Richard Follet’s The Sugar Masters discusses how slave owners in Louisiana maintained both paternalistic and self-interested attitudes in the way that they treated their slaves. Although the North viewed the South and its slavery regime as static and unprogressive, slave owners believed that they were acting in capitalistic ways. They felt as though their construction of the plantation created a system in which slaves had incentives to work hard and not disobey the rules. Slave owners used both carrots and sticks.
The Sugar Masters illuminates a group of actors who viewed themselves in a specific way and created a collective consciousness. Like the founding fathers who owned slaves, these slave owners may have believed in freedom, yet they were able to convince themselves that enslaving African Americans did not violate that belief. Do we think that these slave owners believed in both political and economic freedom and equality? Were they simply using slavery for economic gains or were they convinced that African Americans could not take care of themselves? Follett states “Southern slaveholders could damn their chattel as lazy beggars to be ‘licked liked blazes,’ watch their slaves perish in frightening numbers, and brutally exploit their bondswomens’ bodies, but they still believed themselves to be paternalists bound to their slaves by mutual obligations and reciprocal duties,” (152). I am not sure if I am convinced of this and hope to discuss this in class.

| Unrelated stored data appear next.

(* Assume GCH. Let $\lambda<\kappa$ be infinite cardinals with $\mathrm{cf}(\kappa)=\omega$. Then every $(\lambda,\kappa)$-graph contains an $(\aleph_0,\kappa)$-subgraph.
   Context: For infinite cardinals $\lambda<\kappa$, a $(\lambda,\kappa)$-graph is a bipartite graph with bipartition $(A,B)$, $|A|=\lambda$, $|B|=\kappa$, in which every vertex $b\in B$ has infinitely many neighbours in $A$. An $(\aleph_0,\kappa)$-subgraph of such a graph is a subgraph with bipartition $(C,D)$, $C\subseteq A$, $D\subseteq B$, which is itself an $(\aleph_0,\kappa)$-graph. *)

theory Defs
  imports Main
begin

definition GCH_on :: "'t itself \<Rightarrow> bool" where
  "GCH_on (T :: 't itself) \<longleftrightarrow> (\<forall>(X::'t set) (Y::'t set). infinite X \<and> (card_of X, card_of Y) \<in> ordLess
                      \<longrightarrow> (card_of (Pow X), card_of Y) \<in> ordLeq)"

definition cf_omega :: "'a rel \<Rightarrow> bool" where
  "cf_omega r \<longleftrightarrow>
     (\<exists>K. K \<subseteq> Field r \<and> cofinal K r \<and> (card_of K, card_of (UNIV::nat set)) \<in> ordIso) \<and>
     (\<forall>K. K \<subseteq> Field r \<and> cofinal K r \<longrightarrow> (card_of (UNIV::nat set), card_of K) \<in> ordLeq)"

definition nbrs :: "('a \<times> 'a) set \<Rightarrow> 'a set \<Rightarrow> 'a \<Rightarrow> 'a set" where
  "nbrs E A b = {a \<in> A. (a, b) \<in> E}"

definition bip_graph_inf :: "'a set \<Rightarrow> 'a set \<Rightarrow> ('a \<times> 'a) set \<Rightarrow> bool" where
  "bip_graph_inf A B E \<longleftrightarrow> A \<inter> B = {} \<and> E \<subseteq> A \<times> B \<and> (\<forall>b\<in>B. infinite (nbrs E A b))"

text \<open>(lambda,kappa)-graph, with lambda = |A|, kappa = |B|.\<close>
definition lk_graph :: "'a set \<Rightarrow> 'a set \<Rightarrow> ('a \<times> 'a) set \<Rightarrow> bool" where
  "lk_graph A B E \<longleftrightarrow> bip_graph_inf A B E \<and> infinite A \<and> (card_of A, card_of B) \<in> ordLess"

end

theory Submission
  imports Defs "HOL-Library.Countable_Set_Type"
begin

(* Under GCH a cardinal \<kappa> > \<lambda> with cf \<kappa> = \<omega> \<le> \<lambda> is a limit cardinal,
   hence 2^\<lambda> < \<kappa>.  Choose for every b \<in> B a countably infinite set N b of
   neighbours of b; these are subsets of A, so fewer than \<kappa> of them occur.
   By pigeonhole, for each member \<kappa>\<^sub>n of a cofinal \<omega>-sequence in \<kappa> some
   value t\<^sub>n of N is taken by more than \<kappa>\<^sub>n vertices.  These fibres together
   have size \<kappa>, and their neighbourhoods lie in the countable set \<Union>\<^sub>n t\<^sub>n. *)

unbundle cardinal_syntax

lemma card_of_not_ordLess_iff: "\<not> |A| <o |B| \<longleftrightarrow> |B| \<le>o |A|"
  by (rule not_ordLess_iff_ordLeq[OF card_of_Well_order card_of_Well_order])

lemma card_of_not_ordLeq_iff: "\<not> |A| \<le>o |B| \<longleftrightarrow> |B| <o |A|"
  by (rule not_ordLeq_iff_ordLess[OF card_of_Well_order card_of_Well_order])

lemma card_of_underS_ordLess: "k \<in> B \<Longrightarrow> |underS (card_of B) k| <o |B|"
  using card_of_underS[OF card_of_Card_order, of k B] unfolding Field_card_of .

lemma GCH_on_Pow_ordLeq:
  assumes GCH: "GCH_on TYPE('a set)" and inf: "infinite (A :: 'a set)"
    and less: "|A| <o |S :: 'a set|"
  shows "|Pow A| \<le>o |S|"
proof -
  \<comment> \<open>GCH_on only speaks about sets of sets, so transport along a \<mapsto> {a}.\<close>
  let ?sg = "\<lambda>X :: 'a set. (\<lambda>a. {a}) ` X"
  have sg_iso: "|?sg X| =o |X|" for X
  proof -
    have "bij_betw (\<lambda>a. {a}) X (?sg X)" by (simp add: bij_betw_def inj_on_def)
    then show ?thesis using card_of_ordIso ordIso_symmetric by blast
  qed
  have "infinite (?sg A)" using inf finite_imageD[of "\<lambda>a. {a}" A] by (auto simp: inj_on_def)
  moreover have "|?sg A| <o |?sg S|"
    using sg_iso less ordIso_ordLess_trans ordLess_ordIso_trans ordIso_symmetric by blast
  ultimately have "|Pow (?sg A)| \<le>o |?sg S|" using GCH unfolding GCH_on_def by blast
  moreover have "|Pow A| \<le>o |Pow (?sg A)|"
  proof -
    have "inj_on ?sg (Pow A)" "?sg ` Pow A \<subseteq> Pow (?sg A)" by (auto simp: inj_on_def)
    then show ?thesis using card_of_ordLeq by blast
  qed
  ultimately show ?thesis using sg_iso ordLeq_transitive ordLeq_ordIso_trans by blast
qed

lemma Pow_ordLess_if_cofinality_ordLeq:
  assumes GCH: "GCH_on TYPE('a set)" and inf: "infinite (A :: 'a set)"
    and less: "|A| <o |B :: 'a set|"
    and K: "K \<subseteq> B" "cofinal K |B|" "|K| \<le>o |A|"
  shows "|Pow A| <o |B|"
proof (rule ccontr)
  assume "\<not> |Pow A| <o |B|"
  then have B_le: "|B| \<le>o |Pow A|" by (simp add: card_of_not_ordLess_iff)
  have "|underS (card_of B) k| \<le>o |A|" if "k \<in> K" for k
  proof (rule ccontr)
    assume "\<not> |underS (card_of B) k| \<le>o |A|"
    then have "|Pow A| \<le>o |underS (card_of B) k|"
      by (simp add: card_of_not_ordLeq_iff GCH_on_Pow_ordLeq[OF GCH inf])
    moreover have "|underS (card_of B) k| <o |B|"
      using K(1) that by (blast intro: card_of_underS_ordLess)
    ultimately have "|Pow A| <o |B|" by (rule ordLeq_ordLess_trans)
    then show False using B_le not_ordLess_ordLeq by blast
  qed
  then have "|\<Union>k\<in>K. underS (card_of B) k| \<le>o |A|"
    using card_of_UNION_ordLeq_infinite[OF inf K(3)] by blast
  moreover have "B \<subseteq> (\<Union>k\<in>K. underS (card_of B) k)"
    using K(2) unfolding cofinal_def underS_def Field_card_of by blast
  ultimately have "|B| \<le>o |A|" using card_of_mono1 ordLeq_transitive by blast
  then show False using less not_ordLess_ordLeq by blast
qed

lemma small_cover_has_large_member:
  assumes inf: "infinite B" and T: "|T| <o |B|" and S: "|S| <o |B|"
    and cover: "B \<subseteq> (\<Union>t\<in>T. P t)"
  shows "\<exists>t\<in>T. |S| <o |P t|"
proof (rule ccontr)
  assume "\<not> ?thesis"
  then have P_le: "\<forall>t\<in>T. |P t| \<le>o |S|" by (simp add: card_of_not_ordLess_iff)
  have "|\<Union>t\<in>T. P t| <o |B|"
  proof (cases "finite (T <+> S)")
    case True
    then have "finite (\<Union>t\<in>T. P t)" using P_le card_of_ordLeq_finite by auto
    then show ?thesis using inf finite_ordLess_infinite[OF card_of_Well_order card_of_Well_order]
      unfolding Field_card_of by blast
  next
    case False
    then have "|\<Union>t\<in>T. P t| \<le>o |T <+> S|"
      using P_le card_of_Plus1 card_of_Plus2 ordLeq_transitive
      by (intro card_of_UNION_ordLeq_infinite) blast+
    then show ?thesis
      using card_of_Plus_ordLess_infinite[OF inf T S] ordLeq_ordLess_trans by blast
  qed
  then show False using card_of_mono1[OF cover] not_ordLess_ordLeq by blast
qed

lemma card_of_ordIso_if_underS_ordLess:
  assumes cof: "cofinal K |B|" and D: "D \<subseteq> B"
    and large: "\<forall>k\<in>K. |underS (card_of B) k| <o |D|"
  shows "|D| =o |B|"
proof -
  have "|B| \<le>o |D|"
  proof (rule ccontr)
    assume "\<not> |B| \<le>o |D|"
    then have "|D| <o |B|" by (simp add: card_of_not_ordLeq_iff)
    then obtain a where a: "a \<in> B" and iso: "|D| =o Restr (card_of B) (underS (card_of B) a)"
      using ordLess_iff_ordIso_Restr[OF card_of_Well_order card_of_Well_order, of D B, THEN iffD1]
      unfolding Field_card_of by blast
    have "|D| \<le>o |Field (Restr (card_of B) (underS (card_of B) a))|"
      using card_of_mono2[OF ordIso_imp_ordLeq[OF iso]] unfolding Field_card_of .
    also have "|Field (Restr (card_of B) (underS (card_of B) a))| \<le>o |underS (card_of B) a|"
      by (rule card_of_mono1[OF Field_Restr_subset])
    finally have D_le: "|D| \<le>o |underS (card_of B) a|" .
    obtain k where k: "k \<in> K" "(a, k) \<in> |B|"
      using cof a unfolding cofinal_def Field_card_of by blast
    have wo: "wo_rel |B|" unfolding wo_rel_def by (rule card_of_Well_order)
    have "|underS (card_of B) a| \<le>o |underS (card_of B) k|"
      by (rule card_of_mono1[OF underS_incr[OF wo_rel.TRANS[OF wo] wo_rel.ANTISYM[OF wo] k(2)]])
    with D_le have "|D| \<le>o |underS (card_of B) k|" by (rule ordLeq_transitive)
    then show False using large k(1) not_ordLess_ordLeq by blast
  qed
  then show ?thesis using card_of_mono1[OF D] by (simp add: ordIso_iff_ordLeq)
qed

lemma exists_equipollent_subset_with_countable_image:
  assumes inf: "infinite B" and K: "K \<subseteq> B" "cofinal K |B|" "countable K"
    and few: "|f ` B| <o |B|"
  shows "\<exists>D\<subseteq>B. |D| =o |B| \<and> countable (f ` D)"
proof -
  have "\<forall>k\<in>K. \<exists>t. t \<in> f ` B \<and> |underS (card_of B) k| <o |{b\<in>B. f b = t}|"
  proof
    fix k assume "k \<in> K"
    have "|underS (card_of B) k| <o |B|"
      using K(1) \<open>k \<in> K\<close> by (blast intro: card_of_underS_ordLess)
    moreover have "B \<subseteq> (\<Union>t\<in>f ` B. {b\<in>B. f b = t})" by blast
    ultimately have "\<exists>t\<in>f ` B. |underS (card_of B) k| <o |{b\<in>B. f b = t}|"
      by (rule small_cover_has_large_member[OF inf few])
    then show "\<exists>t. t \<in> f ` B \<and> |underS (card_of B) k| <o |{b\<in>B. f b = t}|" by blast
  qed
  then obtain g
    where g: "\<forall>k\<in>K. g k \<in> f ` B \<and> |underS (card_of B) k| <o |{b\<in>B. f b = g k}|"
    by (rule bchoice[elim_format]) blast
  define D where "D = (\<Union>k\<in>K. {b\<in>B. f b = g k})"
  have "D \<subseteq> B" unfolding D_def by blast
  moreover have "|D| =o |B|"
  proof (rule card_of_ordIso_if_underS_ordLess[OF K(2) \<open>D \<subseteq> B\<close>])
    show "\<forall>k\<in>K. |underS (card_of B) k| <o |D|"
    proof
      fix k assume "k \<in> K"
      then have "|underS (card_of B) k| <o |{b\<in>B. f b = g k}|" using g by blast
      moreover have "{b\<in>B. f b = g k} \<subseteq> D" using \<open>k \<in> K\<close> unfolding D_def by blast
      ultimately show "|underS (card_of B) k| <o |D|"
        by (rule ordLess_ordLeq_trans[OF _ card_of_mono1])
    qed
  qed
  moreover have "f ` D \<subseteq> g ` K" unfolding D_def by blast
  then have "countable (f ` D)" by (rule countable_subset[OF _ countable_image[OF K(3)]])
  ultimately show ?thesis by blast
qed

lemma bip_graph_inf_on_union_of_neighbour_sets:
  assumes bip: "bip_graph_inf A B E" and D: "D \<subseteq> B" "D \<noteq> {}" "countable (N ` D)"
    and N: "\<forall>b\<in>D. N b \<subseteq> nbrs E A b \<and> countable (N b) \<and> infinite (N b)"
  defines "C \<equiv> \<Union>(N ` D)"
  shows "C \<subseteq> A" "|C| =o |UNIV :: nat set|" "bip_graph_inf C D (E \<inter> C \<times> D)"
proof -
  show "C \<subseteq> A" using N unfolding C_def nbrs_def by blast
  have "countable (\<Union>X\<in>N ` D. X)" using D(3) N by (intro countable_UN) auto
  then have "countable C" unfolding C_def by simp
  moreover obtain b where "b \<in> D" using D(2) by blast
  then have "infinite C" using N finite_subset[of "N b" C] unfolding C_def by blast
  ultimately show "|C| =o |UNIV :: nat set|" using countable_or_card_of by blast
  have "infinite (nbrs (E \<inter> C \<times> D) C b)" if "b \<in> D" for b
  proof -
    have "N b \<subseteq> nbrs (E \<inter> C \<times> D) C b" using that N unfolding C_def nbrs_def by blast
    then show ?thesis using that N finite_subset by blast
  qed
  moreover have "C \<inter> D = {}" using bip D(1) \<open>C \<subseteq> A\<close> unfolding bip_graph_inf_def by blast
  ultimately show "bip_graph_inf C D (E \<inter> C \<times> D)" unfolding bip_graph_inf_def by blast
qed

theorem corollary4p7:
  fixes A B :: "'a set" and E :: "('a \<times> 'a) set"
  assumes GCH: "GCH_on (TYPE('a set))"
    and graph: "lk_graph A B E"
    and cf: "cf_omega (card_of B)"
  shows "\<exists>C D F. C \<subseteq> A \<and> D \<subseteq> B \<and> F \<subseteq> E \<inter> (C \<times> D) \<and>
           bip_graph_inf C D F \<and>
           (card_of C, card_of (UNIV::nat set)) \<in> ordIso \<and>
           (card_of D, card_of B) \<in> ordIso"
proof -
  have bip: "bip_graph_inf A B E" and infA: "infinite A" and AB: "|A| <o |B|"
    using graph unfolding lk_graph_def by auto
  have infB: "infinite B" using infA AB card_of_ordLeq_finite ordLess_imp_ordLeq by blast
  obtain K where K: "K \<subseteq> B" "cofinal K |B|" and K_nat: "|K| =o |UNIV :: nat set|"
    using cf unfolding cf_omega_def Field_card_of by blast
  have "countable K" using K_nat countable_card_of_nat ordIso_imp_ordLeq by blast
  have "|K| \<le>o |A|" using K_nat infA infinite_iff_card_of_nat ordIso_ordLeq_trans by blast
  then have PowA: "|Pow A| <o |B|" by (rule Pow_ordLess_if_cofinality_ordLeq[OF GCH infA AB K])
  have "\<forall>b\<in>B. \<exists>X. X \<subseteq> nbrs E A b \<and> countable X \<and> infinite X"
    using bip infinite_countable_subset' unfolding bip_graph_inf_def by blast
  then obtain N where N: "\<forall>b\<in>B. N b \<subseteq> nbrs E A b \<and> countable (N b) \<and> infinite (N b)"
    by (rule bchoice[elim_format]) blast
  then have "N ` B \<subseteq> Pow A" unfolding nbrs_def by blast
  then have "|N ` B| <o |B|" by (rule ordLeq_ordLess_trans[OF card_of_mono1 PowA])
  then obtain D where D: "D \<subseteq> B" "|D| =o |B|" "countable (N ` D)"
    using exists_equipollent_subset_with_countable_image[OF infB K \<open>countable K\<close>] by blast
  have "D \<noteq> {}" using card_of_ordIso_finite[OF D(2)] infB by auto
  moreover have "\<forall>b\<in>D. N b \<subseteq> nbrs E A b \<and> countable (N b) \<and> infinite (N b)"
    using N D(1) by blast
  ultimately have "\<Union>(N ` D) \<subseteq> A" "|\<Union>(N ` D)| =o |UNIV :: nat set|"
    "bip_graph_inf (\<Union>(N ` D)) D (E \<inter> \<Union>(N ` D) \<times> D)"
    using bip_graph_inf_on_union_of_neighbour_sets[OF bip D(1) _ D(3)] by auto
  then show ?thesis using D(1,2) by blast
qed

end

I found the discussion in the last chapter about the purchases slaves made particularly interesting. With the little money they had, they bought clothing and other decorative items. How did these visual purchases both create a class consciousness and also encourage divisions amongst slaves? We have seen throughout the semester various instances in which groups work to distance themselves from the lowest. Emma Christopher discussed how both black and white sailors tried to distinguish themselves from slaves. In The Anti-Slavery Debate, we saw how a rising middle class worked to differentiate themselves from the lower class. In these examples, and there are many others from this semester, how important is a visual distinction?
Finally, I think we should discuss how slaves exercised agency within this system. Whether is was women taking contraceptives, making negotiations with masters, or stealing and selling machine parts, slaves found certain ways to take control of small pieces of their lives. Are the slaves actions working to create a collective change? Also, in Scraping By, we saw how the poor would use almshouses to their own advantage. Does working with slave owners to improve an individual situation inhibit the possibility of a change in the system?